What we're interested in here, though, is using Groovy for the kind of ad-hoc scripting tasks that have traditionally been the preserve of languages such as Perl. Instead of the heavyweights we are going to focus on Groovy's XmlSlurper class, which provides a very natural and intuitive interface to XML.

Our example data is the following simple XML file:


<?xml version="1.0"?>
<people>
  <person first_name='john' surname='smith'>
    <age>37</age>
    <gender>m</gender>
    <kids count='2' />
  </person>
  <person first_name='jill' surname='jones'>
    <age>28</age>
    <gender>f</gender>
    <kids count='0' />
  </person>
  <person first_name='clark' surname='kent'>
    <age>22</age>
    <gender>m</gender>
    <kids count='3' />
  </person>  
</people>

The first task is to parse the file - which we've called pers.xml and have placed in a /groovy/progs directory - from disk and make it available for processing. In Groovy this is a one-liner:

def pers=new XmlSlurper().parse(new File("/groovy/progs/pers.xml"))

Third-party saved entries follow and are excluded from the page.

lemma card_non_isolating_primes_le:
  fixes L :: real
  assumes i: "i \<in> mismatches S x y" and n: "y - x < n" and d: "card (mismatches S x y) \<le> 2 * d"
    and L: "L = 16 * real d * (log 2 n)\<^sup>2" "16 \<le> L"
  defines "P \<equiv> {p. prime p \<and> L \<le> real p \<and> real p \<le> 34 * L}"
  shows "real (card (P \<inter> {p. \<not> isolated_under S x y p i})) \<le> 1 / 16 * real (card P)"
proof -
  define M where "M = mismatches S x y"
  define C where "C = {p. prime p \<and> L \<le> real p \<and> (\<exists>j\<in>M. j \<noteq> i \<and> j mod p = i mod p)}"
  have M: "M \<subseteq> {x..y}" "i \<in> M"
    using i unfolding M_def mismatches_def by auto
  have "P \<inter> {p. \<not> isolated_under S x y p i} \<subseteq> C"
    using i unfolding P_def C_def M_def isolated_under_def by auto
  moreover have "C \<subseteq> {..<n}"
    unfolding C_def using M n colliding_prime_less[of i x y _ n] by blast
  ultimately have "card (P \<inter> {p. \<not> isolated_under S x y p i}) \<le> card C"
    by (meson card_mono finite_lessThan finite_subset)
  also have "real (card C) \<le> L / (8 * (log 2 L)\<^sup>2)"
    unfolding C_def using finite_mismatches M d n L unfolding M_def
    by (intro card_colliding_primes_le) auto
  also have "\<dots> = 1 / 16 * (2 * L / (log 2 L)\<^sup>2)"
    by simp
  also have "\<dots> \<le> 1 / 16 * real (card P)"
    unfolding P_def using card_primes_window_lower[OF L(2)] by simp
  finally show ?thesis
    by simp
qed
lemma fperm_sw: "fperm (sw a b)"
proof -
  have "{x. sw a b x \<noteq> x} \<subseteq> {a, b}"
    by (auto simp: sw_apply split: if_splits)
  then show ?thesis
    unfolding fperm_def using bij_sw finite_subset by blast
qed

lemma fperm_inv: "fperm p \<Longrightarrow> fperm (inv p)"
proof -
  assume "fperm p"
  then have p: "bij p" "finite {x. p x \<noteq> x}"
    by (auto simp: fperm_def)
  have "{x. inv p x \<noteq> x} \<subseteq> p ` {x. p x \<noteq> x}"
    using p(1) by (auto simp: bij_inv_eq_iff image_iff) (metis bij_inv_eq_iff)
  then show ?thesis
    using p unfolding fperm_def by (meson bij_imp_bij_inv finite_imageI finite_subset)
qed

lemma inj_sw_conj: "inj p \<Longrightarrow> p (sw a c x) = sw (p a) (p c) (p x)"
  by (auto simp: sw_apply inj_eq)

lemma sw_image_minus: "c \<notin> X \<Longrightarrow> sw a c ` X - {c} = X - {a}"
  by (auto simp: sw_apply image_iff split: if_splits)

lemma obtain_fresh_name:
  assumes "finite (X :: name set)"
  obtains c where "c \<notin> X"
  using ex_new_if_finite[OF infinite_UNIV_nat assms] by blast

text \<open>Otherwise, swapping an element of \<open>X\<close> outside \<open>A\<close> with each of the infinitely many
  names outside \<open>A\<close> would put all of them into \<open>X\<close>.\<close>

lemma subset_if_closed_under_swaps:
  assumes "finite X" "finite (A :: name set)"
    and closed: "\<And>a b. a \<notin> A \<Longrightarrow> b \<notin> A \<Longrightarrow> sw a b ` X \<subseteq> X"
  shows "X \<subseteq> A"
proof
  fix x assume "x \<in> X"
  show "x \<in> A"
  proof (rule ccontr)
    assume "x \<notin> A"
    have "- A \<subseteq> X"
    proof
      fix b assume "b \<in> - A"
      then have "sw x b x \<in> X"
        using closed[of x b] \<open>x \<in> X\<close> \<open>x \<notin> A\<close> by blast
      then show "b \<in> X" by (simp add: sw_apply)
    qed
    then show False
      using assms(1,2) finite_subset infinite_UNIV_nat by (metis Compl_partition2 finite_UnI)
  qed
qed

Once we've got our XmlSlurper object we can use dot notation to access elements and attributes within it. Using dot notation is a very natural way of working for Java developers, and helps to bridge the gap between object notation and hierarchic XML structure. The top-level element in this case is people, but we can find that simply enough:

        println pers.name()

The above code will print people to the command-line or shell. Want to find out what the child elements are? Easy:


pers.children().each { println it.name() }

But why stop there? We can move up and down the tree easily enough. Say we want to find the children of each of the child elements in turn. Again, it's trivial:

pers.children().children().each {println it.name()}

That should print out three lots of age, gender and kids. Getting hold of attributes isn't much more difficult:


pers.children().each {println it.attributes()}

The output of that line of code is:


["first_name":"john", "surname":"smith"]
["first_name":"jill", "surname":"jones"]
["first_name":"clark", "surname":"kent"]

Note that the above is a map, with the attribute names acting as the keys.